Work required
Output the whole listing with nothing altered.

Provided entries
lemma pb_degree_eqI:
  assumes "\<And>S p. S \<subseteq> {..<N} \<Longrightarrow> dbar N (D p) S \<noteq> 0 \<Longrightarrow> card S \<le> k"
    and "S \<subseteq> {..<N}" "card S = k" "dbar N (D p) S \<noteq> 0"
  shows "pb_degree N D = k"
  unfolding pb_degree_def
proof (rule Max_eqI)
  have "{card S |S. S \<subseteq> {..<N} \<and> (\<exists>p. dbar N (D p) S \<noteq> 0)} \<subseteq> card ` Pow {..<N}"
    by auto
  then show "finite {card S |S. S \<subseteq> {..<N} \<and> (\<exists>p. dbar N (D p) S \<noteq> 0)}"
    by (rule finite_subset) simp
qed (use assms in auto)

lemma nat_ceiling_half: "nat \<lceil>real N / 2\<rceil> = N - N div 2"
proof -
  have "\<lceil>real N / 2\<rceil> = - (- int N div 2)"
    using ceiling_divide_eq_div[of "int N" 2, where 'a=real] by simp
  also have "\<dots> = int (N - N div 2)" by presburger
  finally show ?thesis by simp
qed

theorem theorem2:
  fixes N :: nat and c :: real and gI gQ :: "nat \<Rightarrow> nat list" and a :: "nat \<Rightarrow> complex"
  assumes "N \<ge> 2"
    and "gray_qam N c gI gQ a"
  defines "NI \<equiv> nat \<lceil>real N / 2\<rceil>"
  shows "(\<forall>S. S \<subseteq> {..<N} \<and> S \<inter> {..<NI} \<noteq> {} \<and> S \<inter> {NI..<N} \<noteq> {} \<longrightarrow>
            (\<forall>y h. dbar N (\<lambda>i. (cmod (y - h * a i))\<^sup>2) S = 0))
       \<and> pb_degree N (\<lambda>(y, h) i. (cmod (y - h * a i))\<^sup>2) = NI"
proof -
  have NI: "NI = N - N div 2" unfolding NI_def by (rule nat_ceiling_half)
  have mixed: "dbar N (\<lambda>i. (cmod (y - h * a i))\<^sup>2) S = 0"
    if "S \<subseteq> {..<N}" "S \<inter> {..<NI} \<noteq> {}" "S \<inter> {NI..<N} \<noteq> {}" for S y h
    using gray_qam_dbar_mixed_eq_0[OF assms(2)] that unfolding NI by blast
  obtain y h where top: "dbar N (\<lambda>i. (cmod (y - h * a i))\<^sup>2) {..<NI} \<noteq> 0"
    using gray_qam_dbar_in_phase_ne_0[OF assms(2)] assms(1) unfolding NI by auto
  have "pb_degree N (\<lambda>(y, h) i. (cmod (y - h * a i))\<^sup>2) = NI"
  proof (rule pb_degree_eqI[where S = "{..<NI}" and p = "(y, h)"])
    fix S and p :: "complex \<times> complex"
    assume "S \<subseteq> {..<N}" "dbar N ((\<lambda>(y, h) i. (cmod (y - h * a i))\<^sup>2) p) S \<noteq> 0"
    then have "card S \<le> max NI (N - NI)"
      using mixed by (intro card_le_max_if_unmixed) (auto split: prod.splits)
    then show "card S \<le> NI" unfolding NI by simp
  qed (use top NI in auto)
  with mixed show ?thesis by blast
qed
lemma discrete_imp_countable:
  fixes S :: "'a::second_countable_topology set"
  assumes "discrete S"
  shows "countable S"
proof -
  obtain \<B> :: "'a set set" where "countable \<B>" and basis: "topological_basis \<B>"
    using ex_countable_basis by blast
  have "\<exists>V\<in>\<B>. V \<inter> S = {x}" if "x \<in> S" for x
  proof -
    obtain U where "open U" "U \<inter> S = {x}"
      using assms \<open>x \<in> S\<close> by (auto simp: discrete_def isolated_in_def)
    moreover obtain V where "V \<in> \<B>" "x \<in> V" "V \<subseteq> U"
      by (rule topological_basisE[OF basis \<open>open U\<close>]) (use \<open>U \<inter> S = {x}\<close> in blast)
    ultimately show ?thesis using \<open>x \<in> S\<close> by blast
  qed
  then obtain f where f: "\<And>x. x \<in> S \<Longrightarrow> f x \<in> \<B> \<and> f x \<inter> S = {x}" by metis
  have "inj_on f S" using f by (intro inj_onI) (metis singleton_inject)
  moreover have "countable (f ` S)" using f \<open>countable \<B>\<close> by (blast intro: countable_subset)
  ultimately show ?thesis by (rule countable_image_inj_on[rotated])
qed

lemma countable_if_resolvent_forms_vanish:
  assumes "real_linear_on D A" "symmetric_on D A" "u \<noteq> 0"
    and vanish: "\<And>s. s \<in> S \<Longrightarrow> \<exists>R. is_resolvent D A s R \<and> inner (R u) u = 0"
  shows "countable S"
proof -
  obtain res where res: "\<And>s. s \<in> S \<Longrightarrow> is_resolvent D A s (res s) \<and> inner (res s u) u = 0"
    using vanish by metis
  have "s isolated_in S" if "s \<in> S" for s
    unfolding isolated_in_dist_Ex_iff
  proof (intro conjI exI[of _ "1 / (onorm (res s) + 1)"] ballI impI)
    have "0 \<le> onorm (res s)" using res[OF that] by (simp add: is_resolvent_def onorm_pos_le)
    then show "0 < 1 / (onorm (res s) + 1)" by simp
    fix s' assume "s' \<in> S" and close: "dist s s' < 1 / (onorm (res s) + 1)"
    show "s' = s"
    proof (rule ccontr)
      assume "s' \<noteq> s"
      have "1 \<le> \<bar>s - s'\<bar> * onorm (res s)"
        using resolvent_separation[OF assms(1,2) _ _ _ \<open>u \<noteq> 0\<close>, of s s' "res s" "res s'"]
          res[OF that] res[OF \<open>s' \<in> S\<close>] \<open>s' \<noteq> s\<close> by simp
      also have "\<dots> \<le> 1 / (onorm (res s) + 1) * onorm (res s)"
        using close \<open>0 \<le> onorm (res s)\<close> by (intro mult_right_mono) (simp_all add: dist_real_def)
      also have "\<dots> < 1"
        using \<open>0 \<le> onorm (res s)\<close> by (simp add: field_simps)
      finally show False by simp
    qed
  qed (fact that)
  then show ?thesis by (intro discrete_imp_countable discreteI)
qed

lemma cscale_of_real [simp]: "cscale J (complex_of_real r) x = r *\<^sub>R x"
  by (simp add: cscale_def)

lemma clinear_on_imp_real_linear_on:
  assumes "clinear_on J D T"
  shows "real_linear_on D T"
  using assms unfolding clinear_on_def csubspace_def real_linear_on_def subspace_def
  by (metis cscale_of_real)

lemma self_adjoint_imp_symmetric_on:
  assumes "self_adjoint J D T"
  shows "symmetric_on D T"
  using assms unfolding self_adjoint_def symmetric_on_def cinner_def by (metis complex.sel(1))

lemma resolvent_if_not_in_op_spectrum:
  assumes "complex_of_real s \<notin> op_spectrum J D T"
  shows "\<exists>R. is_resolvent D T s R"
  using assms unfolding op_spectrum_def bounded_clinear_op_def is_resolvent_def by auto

Solution to the problem
lemma pb_degree_eqI:
  assumes "\<And>S p. S \<subseteq> {..<N} \<Longrightarrow> dbar N (D p) S \<noteq> 0 \<Longrightarrow> card S \<le> k"
    and "S \<subseteq> {..<N}" "card S = k" "dbar N (D p) S \<noteq> 0"
  shows "pb_degree N D = k"
  unfolding pb_degree_def
proof (rule Max_eqI)
  have "{card S |S. S \<subseteq> {..<N} \<and> (\<exists>p. dbar N (D p) S \<noteq> 0)} \<subseteq> card ` Pow {..<N}"
    by auto
  then show "finite {card S |S. S \<subseteq> {..<N} \<and> (\<exists>p. dbar N (D p) S \<noteq> 0)}"
    by (rule finite_subset) simp
qed (use assms in auto)

lemma nat_ceiling_half: "nat \<lceil>real N / 2\<rceil> = N - N div 2"
proof -
  have "\<lceil>real N / 2\<rceil> = - (- int N div 2)"
    using ceiling_divide_eq_div[of "int N" 2, where 'a=real] by simp
  also have "\<dots> = int (N - N div 2)" by presburger
  finally show ?thesis by simp
qed

theorem theorem2:
  fixes N :: nat and c :: real and gI gQ :: "nat \<Rightarrow> nat list" and a :: "nat \<Rightarrow> complex"
  assumes "N \<ge> 2"
    and "gray_qam N c gI gQ a"
  defines "NI \<equiv> nat \<lceil>real N / 2\<rceil>"
  shows "(\<forall>S. S \<subseteq> {..<N} \<and> S \<inter> {..<NI} \<noteq> {} \<and> S \<inter> {NI..<N} \<noteq> {} \<longrightarrow>
            (\<forall>y h. dbar N (\<lambda>i. (cmod (y - h * a i))\<^sup>2) S = 0))
       \<and> pb_degree N (\<lambda>(y, h) i. (cmod (y - h * a i))\<^sup>2) = NI"
proof -
  have NI: "NI = N - N div 2" unfolding NI_def by (rule nat_ceiling_half)
  have mixed: "dbar N (\<lambda>i. (cmod (y - h * a i))\<^sup>2) S = 0"
    if "S \<subseteq> {..<N}" "S \<inter> {..<NI} \<noteq> {}" "S \<inter> {NI..<N} \<noteq> {}" for S y h
    using gray_qam_dbar_mixed_eq_0[OF assms(2)] that unfolding NI by blast
  obtain y h where top: "dbar N (\<lambda>i. (cmod (y - h * a i))\<^sup>2) {..<NI} \<noteq> 0"
    using gray_qam_dbar_in_phase_ne_0[OF assms(2)] assms(1) unfolding NI by auto
  have "pb_degree N (\<lambda>(y, h) i. (cmod (y - h * a i))\<^sup>2) = NI"
  proof (rule pb_degree_eqI[where S = "{..<NI}" and p = "(y, h)"])
    fix S and p :: "complex \<times> complex"
    assume "S \<subseteq> {..<N}" "dbar N ((\<lambda>(y, h) i. (cmod (y - h * a i))\<^sup>2) p) S \<noteq> 0"
    then have "card S \<le> max NI (N - NI)"
      using mixed by (intro card_le_max_if_unmixed) (auto split: prod.splits)
    then show "card S \<le> NI" unfolding NI by simp
  qed (use top NI in auto)
  with mixed show ?thesis by blast
qed
lemma discrete_imp_countable:
  fixes S :: "'a::second_countable_topology set"
  assumes "discrete S"
  shows "countable S"
proof -
  obtain \<B> :: "'a set set" where "countable \<B>" and basis: "topological_basis \<B>"
    using ex_countable_basis by blast
  have "\<exists>V\<in>\<B>. V \<inter> S = {x}" if "x \<in> S" for x
  proof -
    obtain U where "open U" "U \<inter> S = {x}"
      using assms \<open>x \<in> S\<close> by (auto simp: discrete_def isolated_in_def)
    moreover obtain V where "V \<in> \<B>" "x \<in> V" "V \<subseteq> U"
      by (rule topological_basisE[OF basis \<open>open U\<close>]) (use \<open>U \<inter> S = {x}\<close> in blast)
    ultimately show ?thesis using \<open>x \<in> S\<close> by blast
  qed
  then obtain f where f: "\<And>x. x \<in> S \<Longrightarrow> f x \<in> \<B> \<and> f x \<inter> S = {x}" by metis
  have "inj_on f S" using f by (intro inj_onI) (metis singleton_inject)
  moreover have "countable (f ` S)" using f \<open>countable \<B>\<close> by (blast intro: countable_subset)
  ultimately show ?thesis by (rule countable_image_inj_on[rotated])
qed

lemma countable_if_resolvent_forms_vanish:
  assumes "real_linear_on D A" "symmetric_on D A" "u \<noteq> 0"
    and vanish: "\<And>s. s \<in> S \<Longrightarrow> \<exists>R. is_resolvent D A s R \<and> inner (R u) u = 0"
  shows "countable S"
proof -
  obtain res where res: "\<And>s. s \<in> S \<Longrightarrow> is_resolvent D A s (res s) \<and> inner (res s u) u = 0"
    using vanish by metis
  have "s isolated_in S" if "s \<in> S" for s
    unfolding isolated_in_dist_Ex_iff
  proof (intro conjI exI[of _ "1 / (onorm (res s) + 1)"] ballI impI)
    have "0 \<le> onorm (res s)" using res[OF that] by (simp add: is_resolvent_def onorm_pos_le)
    then show "0 < 1 / (onorm (res s) + 1)" by simp
    fix s' assume "s' \<in> S" and close: "dist s s' < 1 / (onorm (res s) + 1)"
    show "s' = s"
    proof (rule ccontr)
      assume "s' \<noteq> s"
      have "1 \<le> \<bar>s - s'\<bar> * onorm (res s)"
        using resolvent_separation[OF assms(1,2) _ _ _ \<open>u \<noteq> 0\<close>, of s s' "res s" "res s'"]
          res[OF that] res[OF \<open>s' \<in> S\<close>] \<open>s' \<noteq> s\<close> by simp
      also have "\<dots> \<le> 1 / (onorm (res s) + 1) * onorm (res s)"
        using close \<open>0 \<le> onorm (res s)\<close> by (intro mult_right_mono) (simp_all add: dist_real_def)
      also have "\<dots> < 1"
        using \<open>0 \<le> onorm (res s)\<close> by (simp add: field_simps)
      finally show False by simp
    qed
  qed (fact that)
  then show ?thesis by (intro discrete_imp_countable discreteI)
qed

lemma cscale_of_real [simp]: "cscale J (complex_of_real r) x = r *\<^sub>R x"
  by (simp add: cscale_def)

lemma clinear_on_imp_real_linear_on:
  assumes "clinear_on J D T"
  shows "real_linear_on D T"
  using assms unfolding clinear_on_def csubspace_def real_linear_on_def subspace_def
  by (metis cscale_of_real)

lemma self_adjoint_imp_symmetric_on:
  assumes "self_adjoint J D T"
  shows "symmetric_on D T"
  using assms unfolding self_adjoint_def symmetric_on_def cinner_def by (metis complex.sel(1))

lemma resolvent_if_not_in_op_spectrum:
  assumes "complex_of_real s \<notin> op_spectrum J D T"
  shows "\<exists>R. is_resolvent D T s R"
  using assms unfolding op_spectrum_def bounded_clinear_op_def is_resolvent_def by auto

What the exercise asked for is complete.